Stored items from a collection:
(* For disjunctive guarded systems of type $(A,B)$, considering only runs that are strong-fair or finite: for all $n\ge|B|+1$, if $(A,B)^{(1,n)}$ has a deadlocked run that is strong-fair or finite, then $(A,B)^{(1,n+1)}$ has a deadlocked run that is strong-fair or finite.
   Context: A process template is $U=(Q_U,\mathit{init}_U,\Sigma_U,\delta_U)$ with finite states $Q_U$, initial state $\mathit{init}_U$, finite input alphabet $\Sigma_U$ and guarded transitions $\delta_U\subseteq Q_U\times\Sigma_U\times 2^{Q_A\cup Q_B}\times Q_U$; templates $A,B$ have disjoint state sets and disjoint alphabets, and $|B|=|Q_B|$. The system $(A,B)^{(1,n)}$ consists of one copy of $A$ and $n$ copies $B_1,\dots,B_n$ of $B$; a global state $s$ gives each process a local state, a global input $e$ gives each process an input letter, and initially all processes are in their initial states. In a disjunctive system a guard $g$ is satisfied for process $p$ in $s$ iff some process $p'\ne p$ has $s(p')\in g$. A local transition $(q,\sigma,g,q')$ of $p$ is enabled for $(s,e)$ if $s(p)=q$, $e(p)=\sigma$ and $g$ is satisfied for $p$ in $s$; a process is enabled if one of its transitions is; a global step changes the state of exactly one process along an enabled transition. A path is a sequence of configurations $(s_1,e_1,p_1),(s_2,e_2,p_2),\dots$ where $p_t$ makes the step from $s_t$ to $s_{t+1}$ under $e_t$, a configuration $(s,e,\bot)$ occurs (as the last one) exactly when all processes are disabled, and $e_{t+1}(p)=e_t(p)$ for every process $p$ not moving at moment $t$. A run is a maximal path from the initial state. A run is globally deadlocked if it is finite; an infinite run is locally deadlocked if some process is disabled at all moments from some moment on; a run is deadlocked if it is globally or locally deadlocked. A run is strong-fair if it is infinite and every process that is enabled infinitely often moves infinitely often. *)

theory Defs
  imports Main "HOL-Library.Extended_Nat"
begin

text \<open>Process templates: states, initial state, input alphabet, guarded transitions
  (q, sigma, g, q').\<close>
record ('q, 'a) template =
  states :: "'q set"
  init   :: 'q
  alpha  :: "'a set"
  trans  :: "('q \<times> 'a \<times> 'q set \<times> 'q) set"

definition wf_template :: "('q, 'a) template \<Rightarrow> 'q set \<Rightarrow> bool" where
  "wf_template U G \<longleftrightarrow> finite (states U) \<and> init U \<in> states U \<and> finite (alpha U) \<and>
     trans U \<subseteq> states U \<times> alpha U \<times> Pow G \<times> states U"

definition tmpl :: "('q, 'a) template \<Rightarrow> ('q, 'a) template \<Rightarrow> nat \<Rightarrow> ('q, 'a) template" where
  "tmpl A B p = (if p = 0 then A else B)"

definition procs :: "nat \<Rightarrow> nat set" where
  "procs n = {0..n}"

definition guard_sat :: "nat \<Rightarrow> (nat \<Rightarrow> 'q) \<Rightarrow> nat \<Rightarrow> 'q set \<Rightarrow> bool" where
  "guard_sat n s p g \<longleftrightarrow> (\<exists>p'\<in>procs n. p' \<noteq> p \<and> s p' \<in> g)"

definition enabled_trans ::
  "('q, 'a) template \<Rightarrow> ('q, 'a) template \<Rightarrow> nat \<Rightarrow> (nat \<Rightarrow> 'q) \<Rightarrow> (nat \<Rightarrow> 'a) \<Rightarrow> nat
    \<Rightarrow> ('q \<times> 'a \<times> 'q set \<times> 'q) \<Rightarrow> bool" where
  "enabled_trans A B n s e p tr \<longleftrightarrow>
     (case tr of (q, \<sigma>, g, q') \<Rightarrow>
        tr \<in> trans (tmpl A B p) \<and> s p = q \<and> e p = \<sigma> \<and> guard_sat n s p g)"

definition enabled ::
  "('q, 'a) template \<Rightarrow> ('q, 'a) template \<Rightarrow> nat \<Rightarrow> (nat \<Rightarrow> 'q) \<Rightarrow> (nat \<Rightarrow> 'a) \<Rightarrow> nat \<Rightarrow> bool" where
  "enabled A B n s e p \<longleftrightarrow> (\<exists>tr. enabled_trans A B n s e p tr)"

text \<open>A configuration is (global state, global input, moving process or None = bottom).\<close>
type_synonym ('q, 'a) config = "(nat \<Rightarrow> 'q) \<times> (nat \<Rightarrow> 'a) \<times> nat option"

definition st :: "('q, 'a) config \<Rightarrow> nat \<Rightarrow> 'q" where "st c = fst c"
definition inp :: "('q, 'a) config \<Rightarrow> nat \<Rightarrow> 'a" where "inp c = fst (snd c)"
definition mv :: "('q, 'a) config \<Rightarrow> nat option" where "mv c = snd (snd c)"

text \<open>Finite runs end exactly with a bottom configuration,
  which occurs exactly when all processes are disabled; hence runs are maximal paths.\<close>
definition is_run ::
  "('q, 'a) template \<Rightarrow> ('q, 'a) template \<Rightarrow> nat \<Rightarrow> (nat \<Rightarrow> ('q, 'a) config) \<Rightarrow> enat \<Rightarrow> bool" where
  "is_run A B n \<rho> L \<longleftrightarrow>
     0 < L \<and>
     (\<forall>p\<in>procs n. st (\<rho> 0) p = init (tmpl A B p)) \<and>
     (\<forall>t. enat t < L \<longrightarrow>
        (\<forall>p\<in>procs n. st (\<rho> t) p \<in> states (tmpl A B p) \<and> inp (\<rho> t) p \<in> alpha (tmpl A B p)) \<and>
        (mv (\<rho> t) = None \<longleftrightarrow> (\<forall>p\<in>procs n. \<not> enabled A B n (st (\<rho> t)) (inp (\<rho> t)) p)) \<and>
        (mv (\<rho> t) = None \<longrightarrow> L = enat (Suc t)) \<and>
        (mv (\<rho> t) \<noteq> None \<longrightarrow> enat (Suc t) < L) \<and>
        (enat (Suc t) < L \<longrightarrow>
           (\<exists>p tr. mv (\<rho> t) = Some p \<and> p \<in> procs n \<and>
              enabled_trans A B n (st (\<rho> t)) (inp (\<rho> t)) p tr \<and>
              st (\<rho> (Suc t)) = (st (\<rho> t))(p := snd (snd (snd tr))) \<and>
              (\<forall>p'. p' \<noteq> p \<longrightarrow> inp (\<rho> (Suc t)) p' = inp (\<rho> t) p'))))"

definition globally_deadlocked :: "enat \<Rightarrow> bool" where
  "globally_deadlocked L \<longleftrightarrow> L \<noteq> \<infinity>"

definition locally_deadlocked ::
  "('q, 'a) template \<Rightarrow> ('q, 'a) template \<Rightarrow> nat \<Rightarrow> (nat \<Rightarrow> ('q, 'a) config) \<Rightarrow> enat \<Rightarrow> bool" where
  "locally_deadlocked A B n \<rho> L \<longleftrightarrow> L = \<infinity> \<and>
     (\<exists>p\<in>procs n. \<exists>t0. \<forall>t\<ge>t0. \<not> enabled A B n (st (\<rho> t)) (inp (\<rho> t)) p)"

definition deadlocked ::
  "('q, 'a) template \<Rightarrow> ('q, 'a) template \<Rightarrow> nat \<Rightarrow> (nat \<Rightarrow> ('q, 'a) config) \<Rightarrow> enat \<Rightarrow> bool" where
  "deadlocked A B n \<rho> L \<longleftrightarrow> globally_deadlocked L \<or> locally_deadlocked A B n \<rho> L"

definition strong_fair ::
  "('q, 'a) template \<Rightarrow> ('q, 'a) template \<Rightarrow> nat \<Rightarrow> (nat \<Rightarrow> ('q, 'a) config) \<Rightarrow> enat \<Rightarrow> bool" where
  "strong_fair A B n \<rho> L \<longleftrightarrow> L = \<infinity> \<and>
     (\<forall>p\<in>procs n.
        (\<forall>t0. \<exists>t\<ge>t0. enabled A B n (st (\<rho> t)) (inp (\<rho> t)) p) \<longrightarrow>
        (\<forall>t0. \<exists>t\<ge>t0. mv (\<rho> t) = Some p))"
==
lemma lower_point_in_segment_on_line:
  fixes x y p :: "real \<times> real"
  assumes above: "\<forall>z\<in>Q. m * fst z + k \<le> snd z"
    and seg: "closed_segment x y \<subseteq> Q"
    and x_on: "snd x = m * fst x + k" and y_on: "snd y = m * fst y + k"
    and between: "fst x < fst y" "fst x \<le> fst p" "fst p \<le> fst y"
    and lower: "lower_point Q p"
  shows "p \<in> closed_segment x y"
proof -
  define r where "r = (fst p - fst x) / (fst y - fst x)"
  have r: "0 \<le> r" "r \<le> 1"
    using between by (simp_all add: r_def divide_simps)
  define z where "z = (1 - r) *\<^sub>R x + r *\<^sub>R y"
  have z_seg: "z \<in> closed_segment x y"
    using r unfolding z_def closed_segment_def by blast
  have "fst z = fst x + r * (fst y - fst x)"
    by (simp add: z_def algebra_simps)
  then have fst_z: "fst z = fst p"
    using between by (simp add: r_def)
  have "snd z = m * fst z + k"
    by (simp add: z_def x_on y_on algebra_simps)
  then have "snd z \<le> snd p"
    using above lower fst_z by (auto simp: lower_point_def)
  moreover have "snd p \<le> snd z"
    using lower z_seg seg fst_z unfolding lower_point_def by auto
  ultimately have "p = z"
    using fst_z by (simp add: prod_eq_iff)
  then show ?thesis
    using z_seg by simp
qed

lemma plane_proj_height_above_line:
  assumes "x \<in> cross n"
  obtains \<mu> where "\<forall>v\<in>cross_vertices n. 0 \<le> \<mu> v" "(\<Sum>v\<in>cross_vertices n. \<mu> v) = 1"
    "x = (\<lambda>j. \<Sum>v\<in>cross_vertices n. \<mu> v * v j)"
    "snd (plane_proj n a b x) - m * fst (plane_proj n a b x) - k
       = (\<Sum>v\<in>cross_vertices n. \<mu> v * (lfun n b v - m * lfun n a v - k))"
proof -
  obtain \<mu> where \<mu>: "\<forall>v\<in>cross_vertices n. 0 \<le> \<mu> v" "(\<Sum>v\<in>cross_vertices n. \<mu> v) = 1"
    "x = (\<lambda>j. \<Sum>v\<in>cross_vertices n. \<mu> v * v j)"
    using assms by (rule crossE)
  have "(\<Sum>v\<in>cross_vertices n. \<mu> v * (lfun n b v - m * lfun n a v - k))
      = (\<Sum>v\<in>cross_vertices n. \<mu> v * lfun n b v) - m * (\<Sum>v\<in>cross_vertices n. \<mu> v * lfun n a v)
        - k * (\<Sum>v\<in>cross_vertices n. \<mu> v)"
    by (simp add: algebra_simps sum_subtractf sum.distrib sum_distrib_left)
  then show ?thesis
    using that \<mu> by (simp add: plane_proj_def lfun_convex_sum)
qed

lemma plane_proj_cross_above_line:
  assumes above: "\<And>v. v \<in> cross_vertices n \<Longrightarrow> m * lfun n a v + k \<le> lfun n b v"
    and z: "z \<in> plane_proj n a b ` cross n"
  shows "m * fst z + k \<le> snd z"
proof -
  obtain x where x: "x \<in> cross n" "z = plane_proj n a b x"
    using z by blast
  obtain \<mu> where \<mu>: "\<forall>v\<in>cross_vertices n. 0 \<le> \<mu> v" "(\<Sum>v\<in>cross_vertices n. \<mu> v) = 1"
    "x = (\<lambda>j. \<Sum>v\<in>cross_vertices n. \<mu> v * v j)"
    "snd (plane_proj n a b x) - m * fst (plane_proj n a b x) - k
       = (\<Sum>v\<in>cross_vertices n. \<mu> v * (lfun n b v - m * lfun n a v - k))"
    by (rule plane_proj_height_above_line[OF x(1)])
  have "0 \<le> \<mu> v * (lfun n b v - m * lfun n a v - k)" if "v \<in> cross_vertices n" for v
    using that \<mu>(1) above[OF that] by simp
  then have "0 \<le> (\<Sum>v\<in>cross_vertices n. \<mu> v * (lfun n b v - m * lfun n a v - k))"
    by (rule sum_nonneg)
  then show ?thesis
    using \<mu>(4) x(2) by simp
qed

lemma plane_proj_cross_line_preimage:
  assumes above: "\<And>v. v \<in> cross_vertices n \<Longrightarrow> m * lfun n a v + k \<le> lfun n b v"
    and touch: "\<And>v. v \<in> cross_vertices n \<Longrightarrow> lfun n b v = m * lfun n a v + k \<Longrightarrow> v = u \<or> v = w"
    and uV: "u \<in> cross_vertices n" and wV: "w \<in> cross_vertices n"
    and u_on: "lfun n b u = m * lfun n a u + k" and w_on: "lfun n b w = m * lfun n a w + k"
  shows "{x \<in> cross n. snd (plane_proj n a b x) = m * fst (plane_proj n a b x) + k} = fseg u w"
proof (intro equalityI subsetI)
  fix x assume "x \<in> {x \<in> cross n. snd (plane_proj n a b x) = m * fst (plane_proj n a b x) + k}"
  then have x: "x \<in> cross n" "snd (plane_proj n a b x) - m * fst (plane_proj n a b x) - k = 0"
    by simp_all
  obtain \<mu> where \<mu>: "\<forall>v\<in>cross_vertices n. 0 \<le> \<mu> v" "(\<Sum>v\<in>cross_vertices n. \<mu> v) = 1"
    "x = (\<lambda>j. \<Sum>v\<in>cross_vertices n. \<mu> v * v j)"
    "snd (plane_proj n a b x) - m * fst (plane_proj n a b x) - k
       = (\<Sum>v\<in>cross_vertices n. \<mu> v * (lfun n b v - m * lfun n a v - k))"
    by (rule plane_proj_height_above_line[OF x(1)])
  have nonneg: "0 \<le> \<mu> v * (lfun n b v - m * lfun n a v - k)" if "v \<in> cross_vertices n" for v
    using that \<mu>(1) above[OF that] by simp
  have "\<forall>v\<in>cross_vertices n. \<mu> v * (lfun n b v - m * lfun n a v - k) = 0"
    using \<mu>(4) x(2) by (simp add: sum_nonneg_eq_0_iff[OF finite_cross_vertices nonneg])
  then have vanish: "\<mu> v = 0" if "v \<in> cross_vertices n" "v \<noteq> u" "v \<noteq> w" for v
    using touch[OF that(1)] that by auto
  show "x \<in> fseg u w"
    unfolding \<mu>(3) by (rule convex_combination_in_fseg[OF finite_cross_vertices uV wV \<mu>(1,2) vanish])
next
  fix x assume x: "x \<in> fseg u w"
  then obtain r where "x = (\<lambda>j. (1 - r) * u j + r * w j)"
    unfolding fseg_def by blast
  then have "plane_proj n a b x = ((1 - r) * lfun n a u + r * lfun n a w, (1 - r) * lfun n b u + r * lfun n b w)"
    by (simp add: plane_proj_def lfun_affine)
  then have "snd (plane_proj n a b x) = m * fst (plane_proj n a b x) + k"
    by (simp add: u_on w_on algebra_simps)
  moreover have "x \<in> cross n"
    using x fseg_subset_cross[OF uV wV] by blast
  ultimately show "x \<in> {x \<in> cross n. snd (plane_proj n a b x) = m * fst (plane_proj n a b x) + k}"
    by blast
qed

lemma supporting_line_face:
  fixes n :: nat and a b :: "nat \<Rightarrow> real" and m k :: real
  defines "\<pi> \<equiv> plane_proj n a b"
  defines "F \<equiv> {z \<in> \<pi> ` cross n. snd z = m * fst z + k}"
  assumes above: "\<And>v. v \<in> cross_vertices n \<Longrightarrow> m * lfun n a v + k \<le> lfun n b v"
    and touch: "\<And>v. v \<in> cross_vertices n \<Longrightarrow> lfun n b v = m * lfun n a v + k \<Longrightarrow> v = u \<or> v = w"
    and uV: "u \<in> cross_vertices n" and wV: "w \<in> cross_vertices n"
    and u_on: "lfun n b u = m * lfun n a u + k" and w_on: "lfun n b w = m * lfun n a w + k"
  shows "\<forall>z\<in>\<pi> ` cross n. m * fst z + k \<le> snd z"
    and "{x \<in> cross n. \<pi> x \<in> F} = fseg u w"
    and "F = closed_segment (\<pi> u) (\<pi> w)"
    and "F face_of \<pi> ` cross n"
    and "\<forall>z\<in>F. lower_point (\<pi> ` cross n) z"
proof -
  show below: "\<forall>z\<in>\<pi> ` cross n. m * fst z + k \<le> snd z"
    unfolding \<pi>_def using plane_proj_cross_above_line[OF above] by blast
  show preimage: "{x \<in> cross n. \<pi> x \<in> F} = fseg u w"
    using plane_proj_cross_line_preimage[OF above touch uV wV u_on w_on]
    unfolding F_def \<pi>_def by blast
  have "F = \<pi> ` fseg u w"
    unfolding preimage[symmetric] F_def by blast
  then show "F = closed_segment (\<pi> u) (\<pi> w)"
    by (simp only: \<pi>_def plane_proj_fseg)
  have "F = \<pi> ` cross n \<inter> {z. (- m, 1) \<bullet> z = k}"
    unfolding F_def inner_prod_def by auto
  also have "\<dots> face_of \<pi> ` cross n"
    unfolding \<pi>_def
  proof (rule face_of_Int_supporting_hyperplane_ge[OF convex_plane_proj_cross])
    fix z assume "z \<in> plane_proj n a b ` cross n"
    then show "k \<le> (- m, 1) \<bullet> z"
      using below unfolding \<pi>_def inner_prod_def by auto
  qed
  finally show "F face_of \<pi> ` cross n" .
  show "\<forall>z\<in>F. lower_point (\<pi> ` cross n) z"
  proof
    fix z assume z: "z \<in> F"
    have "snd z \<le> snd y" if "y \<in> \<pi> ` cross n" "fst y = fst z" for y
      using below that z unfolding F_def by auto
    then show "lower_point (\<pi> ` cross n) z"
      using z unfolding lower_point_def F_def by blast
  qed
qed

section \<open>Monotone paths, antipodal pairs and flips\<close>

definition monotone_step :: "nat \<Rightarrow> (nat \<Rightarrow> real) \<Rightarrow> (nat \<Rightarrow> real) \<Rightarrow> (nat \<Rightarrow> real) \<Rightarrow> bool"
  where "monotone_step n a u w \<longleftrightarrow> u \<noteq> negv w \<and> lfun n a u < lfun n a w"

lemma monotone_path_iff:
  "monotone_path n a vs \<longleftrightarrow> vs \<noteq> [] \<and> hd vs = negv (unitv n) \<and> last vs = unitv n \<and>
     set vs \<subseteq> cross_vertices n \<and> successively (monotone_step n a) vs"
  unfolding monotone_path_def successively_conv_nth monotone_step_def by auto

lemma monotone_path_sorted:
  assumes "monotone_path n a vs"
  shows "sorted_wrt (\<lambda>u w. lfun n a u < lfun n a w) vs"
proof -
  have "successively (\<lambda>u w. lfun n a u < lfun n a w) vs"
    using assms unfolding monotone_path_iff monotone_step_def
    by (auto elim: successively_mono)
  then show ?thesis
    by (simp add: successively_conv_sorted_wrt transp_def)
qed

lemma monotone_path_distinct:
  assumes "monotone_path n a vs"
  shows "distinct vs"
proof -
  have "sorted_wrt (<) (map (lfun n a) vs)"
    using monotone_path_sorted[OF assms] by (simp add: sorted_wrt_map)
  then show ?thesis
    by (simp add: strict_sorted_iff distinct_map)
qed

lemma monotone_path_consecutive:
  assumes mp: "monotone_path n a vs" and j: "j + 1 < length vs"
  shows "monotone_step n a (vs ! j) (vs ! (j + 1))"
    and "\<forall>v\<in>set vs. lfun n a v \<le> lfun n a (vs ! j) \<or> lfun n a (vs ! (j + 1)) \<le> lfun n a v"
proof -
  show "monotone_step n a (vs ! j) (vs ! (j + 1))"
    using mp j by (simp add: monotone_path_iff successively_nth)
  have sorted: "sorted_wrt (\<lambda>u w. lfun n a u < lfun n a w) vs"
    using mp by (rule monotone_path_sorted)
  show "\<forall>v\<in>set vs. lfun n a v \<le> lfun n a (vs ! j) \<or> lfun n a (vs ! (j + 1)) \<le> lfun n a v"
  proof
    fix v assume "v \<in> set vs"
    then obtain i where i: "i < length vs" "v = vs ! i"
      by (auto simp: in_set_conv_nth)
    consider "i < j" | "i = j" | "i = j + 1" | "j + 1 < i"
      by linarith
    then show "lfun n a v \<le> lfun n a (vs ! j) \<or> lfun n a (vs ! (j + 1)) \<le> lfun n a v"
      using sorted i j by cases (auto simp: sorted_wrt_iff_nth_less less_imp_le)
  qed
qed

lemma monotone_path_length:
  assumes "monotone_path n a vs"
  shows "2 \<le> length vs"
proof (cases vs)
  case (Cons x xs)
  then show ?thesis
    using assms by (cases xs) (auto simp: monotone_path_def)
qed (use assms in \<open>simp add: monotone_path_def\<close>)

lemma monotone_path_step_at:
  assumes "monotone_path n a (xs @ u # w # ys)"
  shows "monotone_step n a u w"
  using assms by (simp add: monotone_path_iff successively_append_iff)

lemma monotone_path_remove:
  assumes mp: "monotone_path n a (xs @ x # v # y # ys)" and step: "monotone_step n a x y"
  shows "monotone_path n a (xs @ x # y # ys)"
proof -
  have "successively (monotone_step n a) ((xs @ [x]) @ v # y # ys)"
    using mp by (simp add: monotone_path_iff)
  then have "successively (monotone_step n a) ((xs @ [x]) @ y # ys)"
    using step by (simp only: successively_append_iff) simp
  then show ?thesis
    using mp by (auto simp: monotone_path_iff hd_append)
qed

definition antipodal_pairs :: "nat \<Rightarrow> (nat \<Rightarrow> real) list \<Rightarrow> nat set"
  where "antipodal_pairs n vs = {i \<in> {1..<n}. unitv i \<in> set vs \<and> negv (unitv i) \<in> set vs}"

Directions for this task: Given the records above, reproduce precisely and only the lines between the line holding "using assms unfolding" and the line holding "using mp by (rule monotone_path_sorted)", inclusive.

Solution to this task:
    using assms unfolding monotone_path_iff monotone_step_def
    by (auto elim: successively_mono)
  then show ?thesis
    by (simp add: successively_conv_sorted_wrt transp_def)
qed

lemma monotone_path_distinct:
  assumes "monotone_path n a vs"
  shows "distinct vs"
proof -
  have "sorted_wrt (<) (map (lfun n a) vs)"
    using monotone_path_sorted[OF assms] by (simp add: sorted_wrt_map)
  then show ?thesis
    by (simp add: strict_sorted_iff distinct_map)
qed

lemma monotone_path_consecutive:
  assumes mp: "monotone_path n a vs" and j: "j + 1 < length vs"
  shows "monotone_step n a (vs ! j) (vs ! (j + 1))"
    and "\<forall>v\<in>set vs. lfun n a v \<le> lfun n a (vs ! j) \<or> lfun n a (vs ! (j + 1)) \<le> lfun n a v"
proof -
  show "monotone_step n a (vs ! j) (vs ! (j + 1))"
    using mp j by (simp add: monotone_path_iff successively_nth)
  have sorted: "sorted_wrt (\<lambda>u w. lfun n a u < lfun n a w) vs"
    using mp by (rule monotone_path_sorted)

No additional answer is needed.